Want your diploma? Better brush up on your civics says law passed Thursday.

Arizona, which rarely collides with “progressive” in the same sentence, passed legislation on Thursday that requires high school students to answer 60 of 100 questions correctly on the same test that new citizens must pass. The bill quickly made its way through both houses in rapid fashion and former ice cream man turned Arizona Governor Doug Ducey signed it into law almost immediately.

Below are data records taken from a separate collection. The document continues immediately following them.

(* In the binary setting below, define $\mathrm{CL}_{\mathrm{induced}}:=-\mathbb{E}[\mathrm{Var}(S-C\mid S_B)]$ and $\mathrm{GL}_{\mathrm{induced}}:=\mathbb{E}[\mathrm{Var}(C\mid S_B)]$. Then $$\mathrm{CL}_{\mathrm{induced}}+\mathrm{GL}_{\mathrm{induced}}=\mathbb{E}\big[2\,\mathrm{Cov}(S,C\mid S_B)-\mathrm{Var}(S\mid S_B)\big],$$ and $$-\mathbb{E}\Big[\sqrt{\mathrm{Var}(S\mid S_B)}\big(2\sqrt{\mathrm{Var}(C\mid S_B)}+\sqrt{\mathrm{Var}(S\mid S_B)}\big)\Big]\le \mathrm{CL}_{\mathrm{induced}}+\mathrm{GL}_{\mathrm{induced}}\le \mathbb{E}\Big[\sqrt{\mathrm{Var}(S\mid S_B)}\big(2\sqrt{\mathrm{Var}(C\mid S_B)}-\sqrt{\mathrm{Var}(S\mid S_B)}\big)\Big].$$ If moreover $[0,1]$ is divided into $N$ equal-width bins, then $$-\tfrac1N\mathbb{E}\big[\sqrt{C_B(1-C_B)}\big]-\tfrac{1}{4N^2}\le \mathrm{CL}_{\mathrm{induced}}+\mathrm{GL}_{\mathrm{induced}}\le \tfrac1N\mathbb{E}\big[\sqrt{C_B(1-C_B)}\big].$$
   Context: Binary setting: $(X,Y)$ jointly distributed with $Y\in\{0,1\}$; $Q:=P(Y=1\mid X)$; $S=f(X)\in[0,1]$ is a classifier's confidence score for the positive class; $C:=\mathbb{E}[Q\mid S]$. Given a partition of $[0,1]$ into bins $\mathcal{B}_1,\dots,\mathcal{B}_J$ (intervals), the binned score $S_B$ equals $\mathbb{E}[S\mid S\in\mathcal{B}_j]$ on $\{S\in\mathcal{B}_j\}$, and $C_B:=\mathbb{E}[Q\mid S_B]=\mathbb{E}[C\mid S_B]$. $\mathrm{Var}(\cdot\mid S_B)$ and $\mathrm{Cov}(\cdot,\cdot\mid S_B)$ denote ordinary conditional variance and covariance. "$N$ equal-width bins" means the bins are the intervals of length $1/N$ partitioning $[0,1]$. *)

theory Defs
  imports "HOL-Probability.Probability"
begin

definition cond_var :: "'a measure \<Rightarrow> 'a measure \<Rightarrow> ('a \<Rightarrow> real) \<Rightarrow> 'a \<Rightarrow> real" where
  "cond_var M F Z = real_cond_exp M F (\<lambda>\<omega>. (Z \<omega> - real_cond_exp M F Z \<omega>)\<^sup>2)"

definition cond_cov :: "'a measure \<Rightarrow> 'a measure \<Rightarrow> ('a \<Rightarrow> real) \<Rightarrow> ('a \<Rightarrow> real) \<Rightarrow> 'a \<Rightarrow> real" where
  "cond_cov M F Z W = real_cond_exp M F
     (\<lambda>\<omega>. (Z \<omega> - real_cond_exp M F Z \<omega>) * (W \<omega> - real_cond_exp M F W \<omega>))"

definition post_Q :: "'a measure \<Rightarrow> 'x measure \<Rightarrow> ('a \<Rightarrow> 'x) \<Rightarrow> ('a \<Rightarrow> nat) \<Rightarrow> 'a \<Rightarrow> real" where
  "post_Q M MX X Y = real_cond_exp M (vimage_algebra (space M) X MX)
     (\<lambda>\<omega>. if Y \<omega> = 1 then 1 else 0)"

definition calib_C :: "'a measure \<Rightarrow> ('a \<Rightarrow> real) \<Rightarrow> ('a \<Rightarrow> real) \<Rightarrow> 'a \<Rightarrow> real" where
  "calib_C M S Q = real_cond_exp M (vimage_algebra (space M) S borel) Q"

text \<open>Binned score: S_B = E[S | S \<in> B_j] on the event S \<in> B_j (bins B 0, ..., B (J-1)).\<close>
definition binned :: "'a measure \<Rightarrow> nat \<Rightarrow> (nat \<Rightarrow> real set) \<Rightarrow> ('a \<Rightarrow> real) \<Rightarrow> 'a \<Rightarrow> real" where
  "binned M J B S = (\<lambda>\<omega>. \<Sum>j<J. indicator (B j) (S \<omega>) *
      ((\<integral>\<omega>'. S \<omega>' * indicator (B j) (S \<omega>') \<partial>M)
       / measure M {\<omega>'\<in>space M. S \<omega>' \<in> B j}))"

definition gen_sigma :: "'a measure \<Rightarrow> ('a \<Rightarrow> real) \<Rightarrow> 'a measure" where
  "gen_sigma M Z = vimage_algebra (space M) Z borel"

end

theory Submission
  imports Defs
begin

text \<open>
  Conditional variance is a quadratic form, so Var(S - C | F) = Var(S | F) + Var(C | F)
  - 2 Cov(S, C | F) almost everywhere; integrating gives the identity, and the conditional
  Cauchy-Schwarz inequality |Cov(S, C | F)| \<le> \<surd>Var(S | F) \<surd>Var(C | F) gives the two-sided bound.
  For N equal-width bins, S lies almost surely in [a, a + 1/N] with a = \<lfloor>N S_B\<rfloor> / N, a
  function of S_B. The Bhatia-Davis inequality Var(Z | F) \<le> (E[Z | F] - a)(b - E[Z | F]) for
  F-measurable a \<le> Z \<le> b then yields Var(S | S_B) \<le> 1/(4N^2) and, since E[C | S_B] = C_B by
  the tower property, Var(C | S_B) \<le> C_B(1 - C_B).
\<close>

section \<open>Bounded random variables\<close>

text \<open>Every random variable in the argument is essentially bounded, so all the products met
  below are integrable and conditional expectations can be manipulated linearly.\<close>

definition bounded_rv :: "'a measure \<Rightarrow> ('a \<Rightarrow> real) \<Rightarrow> bool" where
  "bounded_rv M g \<longleftrightarrow> g \<in> borel_measurable M \<and> (\<exists>K. AE x in M. \<bar>g x\<bar> \<le> K)"

lemma bounded_rv_borel_measurable: "bounded_rv M g \<Longrightarrow> g \<in> borel_measurable M"
  unfolding bounded_rv_def by auto

lemma bounded_rvI:
  "g \<in> borel_measurable M \<Longrightarrow> (\<And>x. x \<in> space M \<Longrightarrow> \<bar>g x\<bar> \<le> K) \<Longrightarrow> bounded_rv M g"
  unfolding bounded_rv_def by (blast intro: AE_I2)

lemma bounded_rv_unit_interval:
  assumes "g \<in> borel_measurable M" "AE x in M. g x \<in> {0..1}"
  shows "bounded_rv M g"
proof -
  have "AE x in M. \<bar>g x\<bar> \<le> 1" using assms(2) by eventually_elim auto
  then show ?thesis using assms(1) unfolding bounded_rv_def by blast
qed

lemma (in finite_measure) integrable_bounded_rv: "bounded_rv M g \<Longrightarrow> integrable M g"
  unfolding bounded_rv_def using integrable_const_bound[of g] by (auto simp: real_norm_def)

lemma bounded_rv_const: "bounded_rv M (\<lambda>x. c)"
  by (rule bounded_rvI[of _ _ "\<bar>c\<bar>"]) simp_all

lemma bounded_rv_add: "bounded_rv M g \<Longrightarrow> bounded_rv M h \<Longrightarrow> bounded_rv M (\<lambda>x. g x + h x)"
  unfolding bounded_rv_def
proof (elim conjE exE, intro conjI)
  fix K L assume "g \<in> borel_measurable M" "h \<in> borel_measurable M"
    and "AE x in M. \<bar>g x\<bar> \<le> K" "AE x in M. \<bar>h x\<bar> \<le> L"
  then show "(\<lambda>x. g x + h x) \<in> borel_measurable M" "\<exists>K. AE x in M. \<bar>g x + h x\<bar> \<le> K"
    by (auto intro!: exI[of _ "K + L"] elim: AE_mp)
qed

lemma bounded_rv_mult: "bounded_rv M g \<Longrightarrow> bounded_rv M h \<Longrightarrow> bounded_rv M (\<lambda>x. g x * h x)"
  unfolding bounded_rv_def
proof (elim conjE exE, intro conjI)
  fix K L assume "g \<in> borel_measurable M" "h \<in> borel_measurable M"
    and K: "AE x in M. \<bar>g x\<bar> \<le> K" and L: "AE x in M. \<bar>h x\<bar> \<le> L"
  then show "(\<lambda>x. g x * h x) \<in> borel_measurable M" by measurable
  have "AE x in M. \<bar>g x * h x\<bar> \<le> K * L"
    using K L by eventually_elim (auto simp: abs_mult intro: mult_mono)
  then show "\<exists>K. AE x in M. \<bar>g x * h x\<bar> \<le> K" by blast
qed

lemma bounded_rv_minus: "bounded_rv M g \<Longrightarrow> bounded_rv M (\<lambda>x. - g x)"
  using bounded_rv_mult[OF bounded_rv_const, of M g "-1"] by simp

lemma bounded_rv_diff: "bounded_rv M g \<Longrightarrow> bounded_rv M h \<Longrightarrow> bounded_rv M (\<lambda>x. g x - h x)"
  using bounded_rv_add[of M g "\<lambda>x. - h x"] bounded_rv_minus[of M h] by simp

lemma bounded_rv_power2: "bounded_rv M g \<Longrightarrow> bounded_rv M (\<lambda>x. (g x)\<^sup>2)"
  using bounded_rv_mult[of M g g] by (simp add: power2_eq_square)

lemma bounded_rv_sqrt: "bounded_rv M g \<Longrightarrow> bounded_rv M (\<lambda>x. sqrt (g x))"
  unfolding bounded_rv_def
proof (elim conjE exE, intro conjI)
  fix K assume "g \<in> borel_measurable M" and K: "AE x in M. \<bar>g x\<bar> \<le> K"
  then show "(\<lambda>x. sqrt (g x)) \<in> borel_measurable M" by measurable
  have "\<bar>sqrt y\<bar> = sqrt \<bar>y\<bar>" for y :: real
    by (cases "y \<ge> 0") (auto simp flip: real_sqrt_minus)
  then have "AE x in M. \<bar>sqrt (g x)\<bar> \<le> sqrt K"
    using K by (auto elim!: AE_mp)
  then show "\<exists>K. AE x in M. \<bar>sqrt (g x)\<bar> \<le> K" by blast
qed

lemmas bounded_rv_intros =
  bounded_rv_const bounded_rv_add bounded_rv_mult bounded_rv_minus bounded_rv_diff bounded_rv_power2 bounded_rv_sqrt
theorem corollary2p4:
  assumes "rupert Noperthedron"
  shows "\<exists>\<theta>1 \<theta>2 \<phi>1 \<phi>2 \<alpha>.
      \<theta>1 \<in> {0..2*pi/15} \<and> \<theta>2 \<in> {0..2*pi/15} \<and> \<phi>1 \<in> {0..pi} \<and> \<phi>2 \<in> {0..pi/2} \<and>
      \<alpha> \<in> {-pi/2..pi/2} \<and>
      (\<lambda>p. Rmat \<alpha> *v (Mmat \<theta>1 \<phi>1 *v p)) ` Noperthedron
        \<subseteq> interior (convex hull ((\<lambda>p. Mmat \<theta>2 \<phi>2 *v p) ` Noperthedron))"
proof -
  obtain \<alpha> \<theta>1 \<phi>1 \<theta>2 \<phi>2 where "\<phi>1 \<in> {0..pi}" "\<phi>2 \<in> {0..pi}" "\<alpha> \<in> {-pi..pi}"
    and "rupert_witness Noperthedron \<alpha> \<theta>1 \<phi>1 \<theta>2 \<phi>2"
    using assms unfolding rupert_def rupert_witness_def by fastforce
  then obtain \<alpha> \<theta>1 \<phi>1 \<theta>2 \<phi>2 where \<phi>: "\<phi>1 \<in> {0..pi}" "\<phi>2 \<in> {0..pi/2}" and "\<alpha> \<in> {-pi..pi}"
    and "rupert_witness Noperthedron \<alpha> \<theta>1 \<phi>1 \<theta>2 \<phi>2"
    by (rule rupert_witness_phi2_reduce)
  then obtain \<alpha>' where \<alpha>': "\<alpha>' \<in> {-pi/2..pi/2}" and w: "rupert_witness Noperthedron \<alpha>' \<theta>1 \<phi>1 \<theta>2 \<phi>2"
    using rupert_witness_alpha_reduce[OF Noperthedron_uminus_image] by blast
  have period: "(0::real) < 2 * pi / 15" by simp
  have rotate: "(\<lambda>p. Rz (of_int m * (2 * pi / 15)) *v p) ` Noperthedron = Noperthedron" for m
    using Noperthedron_C30_image[OF Rz_in_C30[of m]] by (simp add: field_simps)
  obtain \<theta>1' \<theta>2' where "\<theta>1' \<in> {0..<2*pi/15}" "\<theta>2' \<in> {0..<2*pi/15}"
    and "rupert_witness Noperthedron \<alpha>' \<theta>1' \<phi>1 \<theta>2' \<phi>2"
    by (rule rupert_witness_theta_reduce[OF period rotate w])
  with \<phi> \<alpha>' show ?thesis
    unfolding rupert_witness_def by (intro exI conjI) auto
qed
(* If $F$ satisfies Assumption 1, then for every $v\in[0,1]$ with $F(b^*_{v,F})>0$, $$F(b^*_{v,F})\ \ge\ \frac{F(v)}{e}.$$
   Context: Assumption 1: $F$ is a cumulative distribution function on $[0,1]$ which is continuously differentiable with density $f=F'$ and is strictly log-concave (equivalently $f/F$ is strictly decreasing on $(0,1)$). $U_{v,F}(b)=(v-b)F(b)$ and $b^*_{v,F}=\max\{\operatorname{argmax}_{b\in[0,1]}U_{v,F}(b)\}$. *)

theory Defs
  imports "HOL-Analysis.Analysis"
begin

definition assumption1 :: "(real \<Rightarrow> real) \<Rightarrow> (real \<Rightarrow> real) \<Rightarrow> bool" where
  "assumption1 F f \<longleftrightarrow>
     F 0 = 0 \<and> F 1 = 1 \<and> mono_on {0..1} F \<and>
     (\<forall>x\<in>{0..1}. (F has_real_derivative f x) (at x within {0..1})) \<and>
     continuous_on {0..1} f \<and>
     (\<forall>x\<in>{0..1}. f x \<ge> 0) \<and>
     (\<forall>x y. 0 < x \<and> x < y \<and> y < 1 \<longrightarrow> f y / F y < f x / F x)"

definition U :: "real \<Rightarrow> (real \<Rightarrow> real) \<Rightarrow> real \<Rightarrow> real" where
  "U v F b = (v - b) * F b"

definition bstar :: "real \<Rightarrow> (real \<Rightarrow> real) \<Rightarrow> real" where
  "bstar v F = (GREATEST b. b \<in> {0..1} \<and> (\<forall>c\<in>{0..1}. U v F c \<le> U v F b))"

end

theory Submission
  imports Defs
begin

text \<open>If the maximiser \<open>b\<close> of \<open>(v - b) F(b)\<close> lies below \<open>v\<close>, it is interior and the first-order
  condition gives \<open>f(b)/F(b) = 1/(v - b)\<close>. Log-concavity makes \<open>f/F\<close> smaller on \<open>(b, v)\<close>, so
  \<open>ln F\<close> grows by at most \<open>1\<close> from \<open>b\<close> to \<open>v\<close>, i.e. \<open>F(v) \<le> e F(b)\<close>. If \<open>v \<le> b\<close>, monotonicity
  gives \<open>F(v) \<le> F(b)\<close> directly.\<close>

lemma Greatest_argmax_on_compact:
  fixes g :: "real \<Rightarrow> real" and S :: "real set"
  assumes "compact S" "S \<noteq> {}" "continuous_on S g"
  defines "m \<equiv> GREATEST x. x \<in> S \<and> (\<forall>y\<in>S. g y \<le> g x)"
  shows "m \<in> S" "\<And>y. y \<in> S \<Longrightarrow> g y \<le> g m"
proof -
  obtain x0 where x0: "x0 \<in> S" "\<forall>y\<in>S. g y \<le> g x0"
    using continuous_attains_sup[OF assms(1-3)] by blast
  define A where "A = {x \<in> S. g x = g x0}"
  have A_eq: "A = {x. x \<in> S \<and> (\<forall>y\<in>S. g y \<le> g x)}"
    unfolding A_def using x0 by (auto intro: antisym)
  have "closed A"
    unfolding A_def using assms(1,3)
    by (intro continuous_closed_preimage_constant) (auto simp: compact_imp_closed)
  moreover have "bounded A"
    using bounded_subset[OF compact_imp_bounded[OF assms(1)]] by (auto simp: A_def)
  ultimately have "compact A" by (simp add: compact_eq_bounded_closed)
  moreover have "A \<noteq> {}" using x0 A_def by auto
  ultimately obtain x where "x \<in> A" "\<forall>y\<in>A. y \<le> x"
    using compact_attains_sup by blast
  hence "m = x" unfolding m_def A_eq by (intro Greatest_equality) auto
  with \<open>x \<in> A\<close> show "m \<in> S" "\<And>y. y \<in> S \<Longrightarrow> g y \<le> g m"
    unfolding A_eq by auto
qed

lemma exp_growth_of_log_derivative_le:
  fixes F f :: "real \<Rightarrow> real"
  assumes "a \<le> b" "continuous_on {a..b} F" "\<And>x. x \<in> {a..b} \<Longrightarrow> F x > 0"
    and "\<And>x. a < x \<Longrightarrow> x < b \<Longrightarrow> (F has_real_derivative f x) (at x)"
    and "\<And>x. a < x \<Longrightarrow> x < b \<Longrightarrow> f x \<le> c * F x"
  shows "F b \<le> exp (c * (b - a)) * F a"
proof -
  define g where "g x = ln (F x) - c * (x - a)" for x
  have "g b \<le> g a"
  proof (rule DERIV_nonpos_imp_decreasing_open[OF assms(1)])
    show "continuous_on {a..b} g"
      unfolding g_def using assms(2,3)
      by (intro continuous_intros) (auto simp: less_imp_neq[symmetric])
  next
    fix x assume x: "a < x" "x < b"
    have "(g has_real_derivative f x / F x - c) (at x)"
      unfolding g_def using assms(3,4) x
      by (auto intro!: derivative_eq_intros)
    moreover have "f x / F x - c \<le> 0"
      using assms(3,5) x by (simp add: divide_le_eq)
    ultimately show "\<exists>y. (g has_real_derivative y) (at x) \<and> y \<le> 0" by blast
  qed
  hence "exp (ln (F b)) \<le> exp (c * (b - a) + ln (F a))"
    unfolding g_def by simp
  thus ?thesis using assms(1,3) by (simp add: exp_add)
qed

lemma assumption1_has_real_derivative_interior:
  assumes "assumption1 F f" "0 < x" "x < 1"
  shows "(F has_real_derivative f x) (at x)"
proof -
  have "\<forall>x\<in>{0..1}. (F has_real_derivative f x) (at x within {0..1})"
    using assms(1) unfolding assumption1_def by blast
  hence "(F has_real_derivative f x) (at x within {0..1})"
    using assms(2,3) by simp
  moreover have "x \<in> interior {0..1::real}" using assms(2,3) by simp
  ultimately show ?thesis using at_within_interior[of x "{0..1}"] by simp
qed

lemma assumption1_continuous_on:
  assumes "assumption1 F f"
  shows "continuous_on {0..1} F"
proof (rule DERIV_continuous_on)
  show "\<And>x. x \<in> {0..1} \<Longrightarrow> (F has_real_derivative f x) (at x within {0..1})"
    using assms unfolding assumption1_def by blast
qed

lemma assumption1_bstar_max:
  assumes "assumption1 F f"
  shows "bstar v F \<in> {0..1}" "\<And>c. c \<in> {0..1} \<Longrightarrow> U v F c \<le> U v F (bstar v F)"
proof -
  have "continuous_on {0..1} (U v F)"
    unfolding U_def using assumption1_continuous_on[OF assms] by (intro continuous_intros)
  from Greatest_argmax_on_compact[OF compact_Icc _ this]
  show "bstar v F \<in> {0..1}" "\<And>c. c \<in> {0..1} \<Longrightarrow> U v F c \<le> U v F (bstar v F)"
    unfolding bstar_def by auto
qed

lemma U_first_order_condition:
  assumes "0 < b" "b < 1" "(F has_real_derivative f b) (at b)"
    and "\<And>c. c \<in> {0..1} \<Longrightarrow> U v F c \<le> U v F b"
  shows "F b = (v - b) * f b"
proof -
  have deriv: "(U v F has_real_derivative - F b + (v - b) * f b) (at b)"
    unfolding U_def using assms(3) by (auto intro!: derivative_eq_intros)
  have local_max: "\<forall>y. \<bar>b - y\<bar> < min b (1 - b) \<longrightarrow> U v F y \<le> U v F b"
  proof (intro allI impI)
    fix y assume "\<bar>b - y\<bar> < min b (1 - b)"
    hence "y \<in> {0..1}" by (auto simp: abs_less_iff)
    thus "U v F y \<le> U v F b" by (rule assms(4))
  qed
  have "- F b + (v - b) * f b = 0"
    using DERIV_local_max[OF deriv _ local_max] assms(1,2) by simp
  thus ?thesis by simp
qed

lemma assumption1_growth_below_maximiser:
  assumes "assumption1 F f" "0 < b" "b < v" "v \<le> 1" "F b > 0"
    and "\<And>c. c \<in> {0..1} \<Longrightarrow> U v F c \<le> U v F b"
  shows "F v \<le> exp 1 * F b"
proof -
  have mono: "mono_on {0..1} F"
    and logconc: "\<And>x y. 0 < x \<Longrightarrow> x < y \<Longrightarrow> y < 1 \<Longrightarrow> f y / F y < f x / F x"
    using assms(1) unfolding assumption1_def by blast+
  have b1: "b < 1" using assms(3,4) by simp
  have "F b = (v - b) * f b"
    by (rule U_first_order_condition[where F = F and f = f, OF assms(2) b1
          assumption1_has_real_derivative_interior[OF assms(1,2) b1] assms(6)])
  hence fb: "f b / F b = 1 / (v - b)" using assms(3,5) by (simp add: field_simps)
  have Fpos: "F x > 0" if "x \<in> {b..v}" for x
  proof -
    have "F b \<le> F x" using mono_onD[OF mono, of b x] assms(2,4) that by simp
    with assms(5) show ?thesis by simp
  qed
  have "F v \<le> exp (1 / (v - b) * (v - b)) * F b"
  proof (rule exp_growth_of_log_derivative_le[where f = f])
    show "continuous_on {b..v} F"
      using continuous_on_subset[OF assumption1_continuous_on[OF assms(1)]] assms(2,4) by auto
    fix x assume x: "b < x" "x < v"
    show "(F has_real_derivative f x) (at x)"
      using assumption1_has_real_derivative_interior[OF assms(1)] x assms(2,4) by auto
    have "f x / F x < 1 / (v - b)" using logconc[OF assms(2) x(1)] x assms(4) fb by auto
    thus "f x \<le> 1 / (v - b) * F x" using Fpos[of x] x by (simp add: divide_less_eq)
  qed (use assms(3) Fpos in simp_all)
  also have "\<dots> = exp 1 * F b" using assms(3) by simp
  finally show ?thesis .
qed

theorem lemma4:
  fixes F f :: "real \<Rightarrow> real" and v :: real
  assumes "assumption1 F f"
    and "v \<in> {0..1}"
    and "F (bstar v F) > 0"
  shows "F (bstar v F) \<ge> F v / exp 1"
proof -
  define b where "b = bstar v F"
  have F0: "F 0 = 0" and mono: "mono_on {0..1} F"
    using assms(1) unfolding assumption1_def by blast+
  have b: "b \<in> {0..1}" "\<And>c. c \<in> {0..1} \<Longrightarrow> U v F c \<le> U v F b" and Fb: "F b > 0"
    using assumption1_bstar_max[OF assms(1)] assms(3) unfolding b_def by auto
  show ?thesis
  proof (cases "v \<le> b")
    case True
    hence "F v \<le> F b" using mono_onD[OF mono] b(1) assms(2) by auto
    moreover have "0 \<le> F v" using mono_onD[OF mono, of 0 v] F0 assms(2) by auto
    hence "F v / exp 1 \<le> F v" by (simp add: divide_le_eq mult_le_cancel_left1)
    ultimately show ?thesis unfolding b_def by linarith
  next
    case False
    have "b \<noteq> 0" using Fb F0 by auto
    hence "0 < b" using b(1) by simp
    with False assms(2) have "F v \<le> exp 1 * F b"
      using assumption1_growth_below_maximiser[OF assms(1) _ _ _ Fb b(2)] by simp
    thus ?thesis unfolding b_def by (simp add: divide_le_eq mult.commute)
  qed
qed

end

Arizona Passes Law Making Civics Test Mandatory In High Schools

“Not long from now, our children will be entrusted with protecting the principles on which this country was founded, and it is up to us to prepare them for that responsibility today,” said Gov. Doug Ducey, according to Reuters “[This measure will] help ensure all Arizona students understand basic American civics.”

The Joe Foss Institute

In doing so, Arizona became the first state to sign this legislation, which is being championed by the Arizona-based Joe Foss Institute nationwide. The institute whose motto is “Patriotism Matters” has a goal of seeing each of the 50 states pass similar legislation by 2017, the 230 anniversary of the ratification of the U.S. constitution.

The North Dakota House of Representatives passed similar legislation in a landslide vote on Thursday but did not make it to the state senate yesterday. According to the Joe Foss Institute, around 15 states will bring comparable legislation forward this year. Other states are believed to be looking at the measure but are considering criticism that the test relies far too much on simple memorization.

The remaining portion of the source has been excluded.